▸ **What you should do**: Throughout the material below, tally the lines containing "False" and give the total with no accompanying text.

▸ **Extracted entries**:
lemma bounded_linear_matrix_vector_mult_left:
  "bounded_linear (\<lambda>M::real^'n^'m. M *v x)"
proof -
  have "linear (\<lambda>M::real^'n^'m. M *v x)"
    by (rule linearI) (simp_all add: matrix_vector_mult_add_rdistrib scaleR_matrix_vector_assoc)
  then show ?thesis by (simp add: linear_conv_bounded_linear)
qed

lemma principal_fundamental_forced_deviation:
  fixes \<Psi> A :: "real \<Rightarrow> real^'k^'k" and Z H :: "real \<Rightarrow> real^'k"
  assumes \<Psi>: "principal_fundamental A \<Psi>"
    and Z': "\<And>t. (Z has_vector_derivative A t *v Z t + H t) (at t)"
    and "T \<ge> 0" "L \<ge> 0" "K \<ge> 0"
    and A_bound: "\<And>t x. t \<in> {0..T} \<Longrightarrow> norm (A t *v x) \<le> L * norm x"
    and H_bound: "\<And>t. t \<in> {0..T} \<Longrightarrow> norm (H t) \<le> K"
  shows "norm (Z T - \<Psi> T *v Z 0) \<le> K * sqrt (T * exp ((2 * L + 1) * T))"
proof -
  define D where "D t = Z t - \<Psi> t *v Z 0" for t
  have D': "(D has_vector_derivative A t *v D t + H t) (at t)" for t
  proof -
    have "((\<lambda>t. \<Psi> t *v Z 0) has_vector_derivative (A t ** \<Psi> t) *v Z 0) (at t)"
      using \<Psi> unfolding principal_fundamental_def
      by (blast intro: bounded_linear.has_vector_derivative[OF bounded_linear_matrix_vector_mult_left])
    from has_vector_derivative_diff[OF Z' this] show ?thesis
      unfolding D_def by (simp add: matrix_vector_mul_assoc matrix_vector_mult_diff_distrib algebra_simps)
  qed
  have "(norm (D T))\<^sup>2 \<le> K\<^sup>2 * T * exp ((2 * L + 1) * T)"
  proof (rule energy_estimate[OF \<open>T \<ge> 0\<close> \<open>L \<ge> 0\<close> D'])
    fix t assume t: "t \<in> {0..T}"
    have "D t \<bullet> (A t *v D t + H t) \<le> norm (D t) * norm (A t *v D t) + norm (D t) * norm (H t)"
      by (simp add: inner_add_right add_mono norm_cauchy_schwarz)
    also have "\<dots> \<le> norm (D t) * (L * norm (D t)) + norm (D t) * K"
      by (intro add_mono mult_left_mono A_bound H_bound t norm_ge_zero)
    finally show "D t \<bullet> (A t *v D t + H t) \<le> L * (norm (D t))\<^sup>2 + K * norm (D t)"
      by (simp add: power2_eq_square algebra_simps)
  qed (use \<Psi> in \<open>simp add: D_def principal_fundamental_def\<close>)
  then have "norm (D T) \<le> sqrt (K\<^sup>2 * T * exp ((2 * L + 1) * T))"
    by (simp add: real_le_rsqrt)
  also have "\<dots> = K * sqrt (T * exp ((2 * L + 1) * T))"
    using \<open>K \<ge> 0\<close> by (simp add: real_sqrt_mult mult.assoc)
  finally show ?thesis by (simp add: D_def)
qed
lemma hs_order: "enat i \<le> m \<Longrightarrow> D i \<in> Diff phi (int i)"
proof (induction i rule: less_induct)
  case (less i)
  show ?case
  proof (cases i)
    case 0
    then show ?thesis by (auto simp: Diff_def hs_id fun_eq_iff intro: exI[of _ 1])
  next
    case (Suc k)
    have "(\<lambda>x. \<Sum>l\<in>{1..i}. D l a * D (i - l) x) \<in> Diff phi (int i - int 1)" for a
      using Suc by (intro Diff_tail_sum less.IH hs_below[OF _ less.prems]) auto
    moreover have "commutator (D i) a = (\<lambda>x. \<Sum>l\<in>{1..i}. D l a * D (i - l) x)" for a
      using hs_commutator[OF less.prems] by (simp add: fun_eq_iff)
    ultimately have "commutator (D i) a \<in> Diff phi (int k)" for a
      using Suc by simp
    then show ?thesis
      using Suc hs_klinear[OF less.prems] Diff_Suc_iff by blast
  qed
qed

lemma hs_remainder_order:
  assumes n: "enat n \<le> m" "1 \<le> n"
  shows "hs_remainder D n a \<in> Diff phi (int n - 2)"
proof -
  have "(\<lambda>x. \<Sum>l\<in>{2..n}. D l a * D (n - l) x) \<in> Diff phi (int n - int 2)"
    by (intro Diff_tail_sum hs_order hs_below[OF _ n(1)]) auto
  moreover have "hs_remainder D n a = (\<lambda>x. \<Sum>l\<in>{2..n}. D l a * D (n - l) x)"
    using hs_commutator[OF n(1)] n(2)
    by (simp add: fun_eq_iff hs_remainder_def sum.atLeast_Suc_atMost numeral_2_eq_2)
  ultimately show ?thesis by simp
qed
(* Let $x_1<x_2$, $b_1,b_2\in\mathbb{R}$ and $m>0$ with $|b_2-b_1|\leq m(x_2-x_1)$. Let $x_0=\frac12(x_1+x_2)+\frac1{2m}(b_2-b_1)\in[x_1,x_2]$ and $b_0=\frac12(b_1+b_2)+\frac12m(x_2-x_1)$. If $B$ is a Brownian bridge (diffusion parameter one) on $[x_1,x_2]$ with $B(x_1)=b_1$, $B(x_2)=b_2$, and $N$ is a standard Gaussian random variable, then $$\mathbb{P}\big(B(x_0)\geq b_0\big)\geq\mathbb{P}\big(N\geq(x_2-x_1)^{1/2}m\big).$$ *)

theory Defs
  imports "HOL-Probability.Probability"
begin

definition bb_mean :: "real \<Rightarrow> real \<Rightarrow> real \<Rightarrow> real \<Rightarrow> real \<Rightarrow> real" where
  "bb_mean x1 x2 b1 b2 t = b1 + (t - x1) / (x2 - x1) * (b2 - b1)"

definition bb_cov :: "real \<Rightarrow> real \<Rightarrow> real \<Rightarrow> real \<Rightarrow> real" where
  "bb_cov x1 x2 s t = (min s t - x1) * (x2 - max s t) / (x2 - x1)"

definition gaussian_rv :: "'a measure \<Rightarrow> ('a \<Rightarrow> real) \<Rightarrow> real \<Rightarrow> real \<Rightarrow> bool" where
  "gaussian_rv M X mu v \<longleftrightarrow>
     X \<in> borel_measurable M \<and>
     (if v = 0 then (AE \<omega> in M. X \<omega> = mu)
      else v > 0 \<and> distributed M lborel X (normal_density mu (sqrt v)))"

text \<open>Brownian bridge on [x1,x2] from b1 to b2: a process with continuous paths that is
  Gaussian with the bridge mean and covariance, i.e. every finite linear combination
  of its values is Gaussian with the corresponding mean and variance.\<close>

definition brownian_bridge ::
  "'a measure \<Rightarrow> real \<Rightarrow> real \<Rightarrow> real \<Rightarrow> real \<Rightarrow> (real \<Rightarrow> 'a \<Rightarrow> real) \<Rightarrow> bool" where
  "brownian_bridge M x1 x2 b1 b2 B \<longleftrightarrow>
     prob_space M \<and>
     (\<forall>t\<in>{x1..x2}. B t \<in> borel_measurable M) \<and>
     (AE \<omega> in M. continuous_on {x1..x2} (\<lambda>t. B t \<omega>)) \<and>
     (\<forall>ts cs :: real list. length cs = length ts \<longrightarrow> set ts \<subseteq> {x1..x2} \<longrightarrow>
        gaussian_rv M (\<lambda>\<omega>. \<Sum>i<length ts. cs ! i * B (ts ! i) \<omega>)
          (\<Sum>i<length ts. cs ! i * bb_mean x1 x2 b1 b2 (ts ! i))
          (\<Sum>i<length ts. \<Sum>j<length ts. cs ! i * cs ! j * bb_cov x1 x2 (ts ! i) (ts ! j)))"

end

theory Submission
  imports Defs
begin

text \<open>Put \<open>L = x2 - x1\<close>, \<open>d = b2 - b1\<close> and \<open>A = m\<^sup>2 L\<^sup>2 - d\<^sup>2 \<ge> 0\<close>. The value \<open>B(x0)\<close> is
  Gaussian with variance \<open>A / (4 m\<^sup>2 L)\<close>, and \<open>b0\<close> exceeds its mean by \<open>A / (2 m L)\<close>.
  In standard units the threshold \<open>b0\<close> is therefore \<open>sqrt (A / L) \<le> m sqrt L\<close>, and upper
  tails of the standard normal distribution decrease in the threshold.\<close>

lemma distributed_same_upper_tail:
  fixes X Y :: "'a \<Rightarrow> real"
  assumes "distributed M lborel X f" and "distributed M lborel Y f"
  shows "measure M {\<omega> \<in> space M. X \<omega> \<ge> c} = measure M {\<omega> \<in> space M. Y \<omega> \<ge> c}"
proof -
  have "{\<omega> \<in> space M. Z \<omega> \<ge> c} = Z -` {c..} \<inter> space M" for Z :: "'a \<Rightarrow> real"
    by auto
  then show ?thesis
    using distributed_emeasure[OF assms(1), of "{c..}"] distributed_emeasure[OF assms(2), of "{c..}"]
    by (simp add: measure_def)
qed

lemma (in prob_space) gaussian_rv_upper_tail_ge_std_normal_tail:
  assumes X: "gaussian_rv M X \<mu> v"
    and N: "distributed M lborel N std_normal_density"
    and threshold: "b - \<mu> \<le> c * sqrt v"
  shows "measure M {\<omega> \<in> space M. N \<omega> \<ge> c} \<le> measure M {\<omega> \<in> space M. X \<omega> \<ge> b}"
proof (cases "v = 0")
  case True
  then have "AE \<omega> in M. X \<omega> = \<mu>" and "X \<in> borel_measurable M" and "b \<le> \<mu>"
    using X threshold by (auto simp: gaussian_rv_def)
  then have "measure M {\<omega> \<in> space M. X \<omega> \<ge> b} = 1"
    by (subst prob_eq_1) (auto elim: AE_mp)
  then show ?thesis by simp
next
  case False
  define \<sigma> where "\<sigma> = sqrt v"
  have "\<sigma> > 0" and "distributed M lborel X (normal_density \<mu> \<sigma>)"
    using X False by (auto simp: gaussian_rv_def \<sigma>_def)
  then have Z: "distributed M lborel (\<lambda>\<omega>. (X \<omega> - \<mu>) / \<sigma>) std_normal_density"
    using normal_standard_normal_convert by blast
  have "b - \<mu> \<le> c * \<sigma>"
    using threshold by (simp add: \<sigma>_def)
  then have "{\<omega> \<in> space M. (X \<omega> - \<mu>) / \<sigma> \<ge> c} \<subseteq> {\<omega> \<in> space M. X \<omega> \<ge> b}"
    using \<open>\<sigma> > 0\<close> by (auto simp: pos_le_divide_eq)
  moreover have "{\<omega> \<in> space M. X \<omega> \<ge> b} \<in> events"
    using X[unfolded gaussian_rv_def, THEN conjunct1] by measurable
  ultimately have "measure M {\<omega> \<in> space M. (X \<omega> - \<mu>) / \<sigma> \<ge> c} \<le> measure M {\<omega> \<in> space M. X \<omega> \<ge> b}"
    by (rule finite_measure_mono)
  then show ?thesis
    using distributed_same_upper_tail[OF Z N] by simp
qed

lemma brownian_bridge_gaussian_at:
  assumes "brownian_bridge M x1 x2 b1 b2 B" and "t \<in> {x1..x2}"
  shows "gaussian_rv M (B t) (bb_mean x1 x2 b1 b2 t) (bb_cov x1 x2 t t)"
  using assms(1)[unfolded brownian_bridge_def, THEN conjunct2, THEN conjunct2, THEN conjunct2,
      rule_format, of "[1]" "[t]"] assms(2)
  by simp

lemma le_mult_sqrt_if_square_le:
  fixes a c v :: real
  assumes "a\<^sup>2 \<le> c\<^sup>2 * v" and "c \<ge> 0"
  shows "a \<le> c * sqrt v"
proof -
  have "a \<le> sqrt (a\<^sup>2)" by simp
  also have "\<dots> \<le> sqrt (c\<^sup>2 * v)" using assms(1) by (rule real_sqrt_le_mono)
  also have "\<dots> = c * sqrt v" using assms(2) by (simp add: real_sqrt_mult)
  finally show ?thesis .
qed

context
  fixes x1 x2 b1 b2 m x0 b0 :: real
  assumes x12: "x1 < x2" and m_pos: "m > 0" and slope: "\<bar>b2 - b1\<bar> \<le> m * (x2 - x1)"
  defines x0_def: "x0 \<equiv> (x1 + x2) / 2 + (b2 - b1) / (2 * m)"
    and b0_def: "b0 \<equiv> (b1 + b2) / 2 + m * (x2 - x1) / 2"
begin

lemma bridge_point_in_interval:
  "x0 \<in> {x1..x2}"
proof -
  have "b2 - b1 \<le> m * (x2 - x1)" and "b1 - b2 \<le> m * (x2 - x1)"
    using slope by linarith+
  then show ?thesis
    using m_pos by (simp add: x0_def field_simps)
qed

lemma bridge_level_minus_mean:
  "b0 - bb_mean x1 x2 b1 b2 x0 = (m\<^sup>2 * (x2 - x1)\<^sup>2 - (b2 - b1)\<^sup>2) / (2 * m * (x2 - x1))"
  using x12 m_pos unfolding bb_mean_def x0_def b0_def by (simp add: field_simps power2_eq_square)

lemma bridge_variance_at_point:
  "bb_cov x1 x2 x0 x0 = (m\<^sup>2 * (x2 - x1)\<^sup>2 - (b2 - b1)\<^sup>2) / (4 * m\<^sup>2 * (x2 - x1))"
  using x12 m_pos unfolding bb_cov_def x0_def by (simp add: field_simps power2_eq_square)

lemma bridge_level_threshold:
  "b0 - bb_mean x1 x2 b1 b2 x0 \<le> sqrt (x2 - x1) * m * sqrt (bb_cov x1 x2 x0 x0)"
proof (rule le_mult_sqrt_if_square_le)
  define L where "L = x2 - x1"
  define A where "A = m\<^sup>2 * L\<^sup>2 - (b2 - b1)\<^sup>2"
  have "L > 0" using x12 by (simp add: L_def)
  have "\<bar>b2 - b1\<bar> \<le> \<bar>m * L\<bar>"
    using slope m_pos \<open>L > 0\<close> by (simp add: L_def)
  then have "(b2 - b1)\<^sup>2 \<le> (m * L)\<^sup>2"
    by (simp only: abs_le_square_iff)
  then have "0 \<le> A" and "A \<le> m\<^sup>2 * L\<^sup>2"
    by (simp_all add: A_def power_mult_distrib)
  then have "A * A \<le> m\<^sup>2 * L\<^sup>2 * A"
    by (simp add: mult_right_mono)
  then have "(A / (2 * m * L))\<^sup>2 \<le> (sqrt L * m)\<^sup>2 * (A / (4 * m\<^sup>2 * L))"
    using m_pos \<open>L > 0\<close> by (simp add: power_mult_distrib field_simps power2_eq_square)
  then show "(b0 - bb_mean x1 x2 b1 b2 x0)\<^sup>2 \<le> (sqrt (x2 - x1) * m)\<^sup>2 * bb_cov x1 x2 x0 x0"
    by (simp only: bridge_level_minus_mean bridge_variance_at_point A_def L_def)
  show "0 \<le> sqrt (x2 - x1) * m"
    using x12 m_pos by simp
qed

end

theorem mainTheorem12:
  fixes M :: "'a measure" and B :: "real \<Rightarrow> 'a \<Rightarrow> real" and N :: "'a \<Rightarrow> real"
    and x1 x2 b1 b2 m :: real
  assumes "x1 < x2" and "m > 0" and "\<bar>b2 - b1\<bar> \<le> m * (x2 - x1)"
    and "brownian_bridge M x1 x2 b1 b2 B"
    and "distributed M lborel N std_normal_density"
  shows "measure M {\<omega> \<in> space M. B ((x1 + x2) / 2 + (b2 - b1) / (2 * m)) \<omega>
                                    \<ge> (b1 + b2) / 2 + m * (x2 - x1) / 2}
         \<ge> measure M {\<omega> \<in> space M. N \<omega> \<ge> sqrt (x2 - x1) * m}"
proof -
  interpret prob_space M
    using assms(4) by (simp add: brownian_bridge_def)
  show ?thesis
    by (rule gaussian_rv_upper_tail_ge_std_normal_tail
        [OF brownian_bridge_gaussian_at[OF assms(4) bridge_point_in_interval[OF assms(1-3)]]
            assms(5) bridge_level_threshold[OF assms(1-3)]])
qed

end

▸ **Your response**: 2